Stored items

Segment Open

(* Let $d$ be an integer and $x$ a real number with $0<d\leqslant x/2$, and let $K_d$ be the largest integer $k$ such that $(k-d)k\leqslant dx$ (i.e. $K_d=\lfloor (d+\sqrt{d^2+4dx})/2\rfloor$). Then for every integer $k$ with $K_d-d<k\leqslant K_d$, $$d\lfloor x/k \rfloor +\frac{x}{\lfloor x/k \rfloor}=2\sqrt{dx}+O\bigl(d^{3/2}x^{-1/2}\bigr),$$ with an absolute implied constant.
   Context: $\lfloor t\rfloor$ denotes the integer part of the real number $t$. *)

theory Defs
  imports Complex_Main
begin

definition Kd :: "int \<Rightarrow> real \<Rightarrow> int" where
  "Kd d x = (GREATEST k::int. real_of_int ((k - d) * k) \<le> real_of_int d * x)"

end

theory Submission
  imports Defs
begin

text \<open>Put \<open>y = sqrt (x / d)\<close>, so that \<open>x = d y\<^sup>2\<close> and \<open>sqrt (d x) = d y\<close>. For
  \<open>m = \<lfloor>x / k\<rfloor>\<close> one has \<open>d m + x / m - 2 sqrt (d x) = d (m - y)\<^sup>2 / m\<close>.
  The window \<open>K\<^sub>d - d < k \<le> K\<^sub>d\<close> means \<open>(k - d) k \<le> d x < k (k + d)\<close>, which confines \<open>k\<close>
  to \<open>(d (y - 1/2), d (y + 1)]\<close>; hence \<open>x / k\<close> lies within 1 of \<open>y\<close>, \<open>m\<close> within 2 of \<open>y\<close>
  and \<open>m \<ge> y / 4\<close>, so the right-hand side is at most \<open>16 d / y = 16 d\<^bsup>3/2\<^esup> x\<^bsup>-1/2\<^esup>\<close>.\<close>

lemma abs_le_of_quadratic_le:
  fixes d k n :: int
  assumes "(k - d) * k \<le> n" "0 \<le> n"
  shows "\<bar>k\<bar> \<le> \<bar>d\<bar> + n"
proof (rule ccontr)
  assume "\<not> ?thesis"
  then have "n < \<bar>k\<bar> - \<bar>d\<bar>" "1 \<le> \<bar>k\<bar>" using assms(2) by linarith+
  then have "n < \<bar>k\<bar> * (\<bar>k\<bar> - \<bar>d\<bar>)"
    using assms(2) by (smt (verit) mult_le_cancel_right1)
  also have "\<dots> \<le> (k - d) * k"
    using abs_ge_self[of "d * k"] by (simp add: algebra_simps abs_mult abs_mult_self_eq)
  finally show False using assms(1) by simp
qed

lemma Kd_eq_Max:
  assumes "0 \<le> real_of_int d * x"
  shows "Kd d x = Max {k. (k - d) * k \<le> \<lfloor>real_of_int d * x\<rfloor>}"
    and "finite {k. (k - d) * k \<le> \<lfloor>real_of_int d * x\<rfloor>}"
proof -
  let ?n = "\<lfloor>real_of_int d * x\<rfloor>"
  have n: "0 \<le> ?n" using assms by simp
  have "{k. (k - d) * k \<le> ?n} \<subseteq> {-(\<bar>d\<bar> + ?n)..\<bar>d\<bar> + ?n}"
  proof
    fix k assume "k \<in> {k. (k - d) * k \<le> ?n}"
    then have "\<bar>k\<bar> \<le> \<bar>d\<bar> + ?n" using abs_le_of_quadratic_le n by blast
    then show "k \<in> {-(\<bar>d\<bar> + ?n)..\<bar>d\<bar> + ?n}" by auto
  qed
  then show fin: "finite {k. (k - d) * k \<le> ?n}" by (rule finite_subset) simp
  have "\<exists>k. (k - d) * k \<le> ?n" using n by (intro exI[of _ 0]) simp
  then have "(GREATEST k. (k - d) * k \<le> ?n) = Max {k. (k - d) * k \<le> ?n}"
    using fin by (rule Greatest_Max[rotated])
  then show "Kd d x = Max {k. (k - d) * k \<le> ?n}" unfolding Kd_def by (simp add: le_floor_iff)
qed

lemma Kd_le:
  assumes "0 \<le> real_of_int d * x"
  shows "real_of_int ((Kd d x - d) * Kd d x) \<le> real_of_int d * x"
proof -
  have "0 \<in> {k. (k - d) * k \<le> \<lfloor>real_of_int d * x\<rfloor>}" using assms by simp
  then have "Kd d x \<in> {k. (k - d) * k \<le> \<lfloor>real_of_int d * x\<rfloor>}"
    unfolding Kd_eq_Max(1)[OF assms] using Kd_eq_Max(2)[OF assms] by (intro Max_in) blast+
  then show ?thesis by (simp add: le_floor_iff)
qed

lemma le_Kd:
  assumes "0 \<le> real_of_int d * x" "real_of_int ((k - d) * k) \<le> real_of_int d * x"
  shows "k \<le> Kd d x"
  unfolding Kd_eq_Max(1)[OF assms(1)] using Kd_eq_Max(2)[OF assms(1)] assms(2)
  by (simp add: le_floor_iff)

lemma Kd_window:
  fixes d k :: int
  assumes d: "0 < d" and dx: "2 * real_of_int d \<le> x"
    and k: "Kd d x - d < k" "k \<le> Kd d x"
  shows "0 < k" and "real_of_int k \<le> x"
    and "(real_of_int k - real_of_int d) * real_of_int k \<le> real_of_int d * x"
    and "real_of_int d * x < real_of_int k * (real_of_int k + real_of_int d)"
proof -
  let ?K = "Kd d x"
  have dx_nonneg: "0 \<le> real_of_int d * x" using d dx by simp
  have K: "real_of_int ((?K - d) * ?K) \<le> real_of_int d * x" using Kd_le[OF dx_nonneg] .
  have "real_of_int ((2 * d - d) * (2 * d)) = real_of_int d * (2 * real_of_int d)" by simp
  also have "\<dots> \<le> real_of_int d * x" using d dx by (intro mult_left_mono) auto
  finally have "real_of_int ((2 * d - d) * (2 * d)) \<le> real_of_int d * x" .
  then have K_ge: "2 * d \<le> ?K" using le_Kd[OF dx_nonneg] by blast
  then show "0 < k" using d k by linarith
  have "d * ?K \<le> (?K - d) * ?K" using K_ge d by (intro mult_right_mono) auto
  then have "real_of_int d * real_of_int ?K \<le> real_of_int d * x"
    using K by (metis of_int_le_iff of_int_mult order_trans)
  then have "real_of_int ?K \<le> x" using d by simp
  then show "real_of_int k \<le> x" using k by linarith
  have "(k - d) * k \<le> (?K - d) * ?K"
    using k K_ge by (intro mult_mono) auto
  then show "(real_of_int k - real_of_int d) * real_of_int k \<le> real_of_int d * x"
    using K by (metis of_int_diff of_int_le_iff of_int_mult order_trans)
  have "\<not> real_of_int ((k + d - d) * (k + d)) \<le> real_of_int d * x"
    using le_Kd[OF dx_nonneg, of "k + d"] k by linarith
  then show "real_of_int d * x < real_of_int k * (real_of_int k + real_of_int d)"
    by simp
qed

lemma le_add_of_quadratic_le:
  fixes k D s :: real
  assumes "0 \<le> D" "0 \<le> s" "(k - D) * k \<le> s\<^sup>2"
  shows "k \<le> s + D"
proof (rule ccontr)
  assume "\<not> ?thesis"
  then have "s * s < (k - D) * k" using assms(1,2) by (intro mult_strict_mono) auto
  then show False using assms(3) by (simp add: power2_eq_square)
qed

lemma sub_half_less_of_quadratic_gt:
  fixes k D s :: real
  assumes "0 \<le> D" "0 \<le> k" "s\<^sup>2 < k * (k + D)"
  shows "s - D / 2 < k"
proof (rule ccontr)
  assume "\<not> ?thesis"
  then have "k * (k + D) \<le> (s - D / 2) * (s + D / 2)" using assms(1,2) by (intro mult_mono) auto
  also have "\<dots> = s\<^sup>2 - D\<^sup>2 / 4" by (simp add: algebra_simps power2_eq_square)
  finally show False using assms(3) zero_le_power2[of D] by linarith
qed

lemma near_root_div_bounds:
  fixes D y k :: real
  assumes D: "0 < D" and y: "1 \<le> y" and k: "D * (y - 1/2) < k" "k \<le> D * (y + 1)"
  shows "y - 1 \<le> D * y\<^sup>2 / k" and "D * y\<^sup>2 / k < y + 1"
proof -
  have "0 < D * (y - 1/2)" using D y by simp
  then have k_pos: "0 < k" using k(1) by linarith
  have "(y - 1) * k \<le> (y - 1) * (D * (y + 1))" using y k(2) by (intro mult_left_mono) auto
  also have "\<dots> = D * y\<^sup>2 - D" by (simp add: algebra_simps power2_eq_square)
  finally have "(y - 1) * k \<le> D * y\<^sup>2" using D by linarith
  then show "y - 1 \<le> D * y\<^sup>2 / k" using k_pos by (simp add: le_divide_eq)
  have "0 \<le> D * (y - 1)" using D y by simp
  then have "D * y\<^sup>2 \<le> (y + 1) * (D * (y - 1/2))"
    by (simp add: algebra_simps power2_eq_square)
  also have "\<dots> < (y + 1) * k" using y k(1) by (intro mult_strict_left_mono) auto
  finally show "D * y\<^sup>2 / k < y + 1" using k_pos by (simp add: divide_less_eq)
qed

lemma floor_div_estimate:
  fixes D y k :: real
  assumes D: "0 < D" and y: "1 \<le> y" and k: "0 < k" "k \<le> D * y\<^sup>2"
    and below: "(k - D) * k \<le> (D * y)\<^sup>2" and above: "(D * y)\<^sup>2 < k * (k + D)"
  defines "m \<equiv> real_of_int \<lfloor>D * y\<^sup>2 / k\<rfloor>"
  shows "\<bar>D * m + D * y\<^sup>2 / m - 2 * (D * y)\<bar> \<le> 16 * D / y"
proof -
  have "k \<le> D * y + D" using le_add_of_quadratic_le[OF _ _ below] D y by simp
  moreover have "D * y - D / 2 < k" using sub_half_less_of_quadratic_gt[OF _ _ above] D k by simp
  ultimately have "y - 1 \<le> D * y\<^sup>2 / k" "D * y\<^sup>2 / k < y + 1"
    using near_root_div_bounds[OF D y, of k] by (simp_all add: algebra_simps)
  moreover have "m \<le> D * y\<^sup>2 / k" "D * y\<^sup>2 / k - 1 < m" unfolding m_def by linarith+
  ultimately have "\<bar>m - y\<bar> \<le> \<bar>2\<bar>" by simp
  then have dist: "(m - y)\<^sup>2 \<le> 4" using abs_le_square_iff[of "m - y" 2] by simp
  have "1 \<le> D * y\<^sup>2 / k" using k by (simp add: le_divide_eq)
  then have m_ge_1: "1 \<le> m" unfolding m_def by simp
  have m_ge: "y / 4 \<le> m" using \<open>D * y\<^sup>2 / k - 1 < m\<close> \<open>y - 1 \<le> D * y\<^sup>2 / k\<close> m_ge_1
    by linarith
  have "D * m + D * y\<^sup>2 / m - 2 * (D * y) = D * (m - y)\<^sup>2 / m"
    using m_ge_1 by (simp add: field_simps power2_eq_square)
  moreover have "0 \<le> D * (m - y)\<^sup>2 / m" using D m_ge_1 by simp
  moreover have "D * (m - y)\<^sup>2 / m \<le> 16 * D / y"
  proof -
    have "D * (m - y)\<^sup>2 / m \<le> D * 4 / m"
      using dist D m_ge_1 by (intro divide_right_mono mult_left_mono) auto
    also have "\<dots> \<le> D * 4 / (y / 4)" using m_ge D y by (intro divide_left_mono) auto
    finally show ?thesis by simp
  qed
  ultimately show ?thesis by simp
qed

lemma div_sqrt_div_eq_powr:
  fixes d x :: real
  assumes "0 < d" "0 < x"
  shows "d / sqrt (x / d) = d powr (3/2) * x powr (-1/2)"
proof -
  have "d powr (3/2) = d * sqrt d"
    using powr_add[of d 1 "1/2"] assms by (simp add: powr_half_sqrt)
  moreover have "x powr (-1/2) = 1 / sqrt x"
    using assms by (simp add: powr_minus_divide powr_half_sqrt)
  ultimately show ?thesis using assms by (simp add: real_sqrt_divide)
qed

theorem proposition5:
  shows "\<exists>C::real. \<forall>(d::int) (x::real) (k::int).
    0 < d \<and> real_of_int d \<le> x / 2 \<and> Kd d x - d < k \<and> k \<le> Kd d x \<longrightarrow>
    \<bar>real_of_int d * real_of_int \<lfloor>x / real_of_int k\<rfloor> + x / real_of_int \<lfloor>x / real_of_int k\<rfloor>
       - 2 * sqrt (real_of_int d * x)\<bar>
      \<le> C * real_of_int d powr (3/2) * x powr (-1/2)"
proof (intro exI[of _ 16] allI impI)
  fix d :: int and x :: real and k :: int
  assume "0 < d \<and> real_of_int d \<le> x / 2 \<and> Kd d x - d < k \<and> k \<le> Kd d x"
  then have d: "0 < d" and dx: "2 * real_of_int d \<le> x" and k: "Kd d x - d < k" "k \<le> Kd d x"
    by auto
  have x_pos: "0 < x" using d dx by linarith
  define y where "y = sqrt (x / d)"
  have y_pos: "0 < y" unfolding y_def using d x_pos by simp
  have x_eq: "x = d * y\<^sup>2" unfolding y_def using d x_pos by simp
  have dy_sq: "(d * y)\<^sup>2 = real_of_int d * x" using x_eq by (simp add: power2_eq_square)
  then have sqrt_dx: "sqrt (real_of_int d * x) = d * y" using d y_pos by (intro real_sqrt_unique) auto
  have "d / y = d powr (3/2) * x powr (-1/2)"
    unfolding y_def using d x_pos by (simp add: div_sqrt_div_eq_powr)
  moreover have "1 \<le> y" unfolding y_def using d dx by (simp add: le_divide_eq)
  then have "\<bar>d * real_of_int \<lfloor>x / k\<rfloor> + x / real_of_int \<lfloor>x / k\<rfloor> - 2 * (d * y)\<bar> \<le> 16 * d / y"
    using floor_div_estimate[of d y k] Kd_window[OF d dx k] d unfolding dy_sq x_eq[symmetric]
    by simp
  ultimately show "\<bar>real_of_int d * real_of_int \<lfloor>x / real_of_int k\<rfloor> + x / real_of_int \<lfloor>x / real_of_int k\<rfloor>
       - 2 * sqrt (real_of_int d * x)\<bar> \<le> 16 * real_of_int d powr (3/2) * x powr (-1/2)"
    unfolding sqrt_dx by simp
qed

end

Segment Closed

How many of the lines above include the word "fixes"? Give that number without comment.

**RESULT OF THE TASK**.
7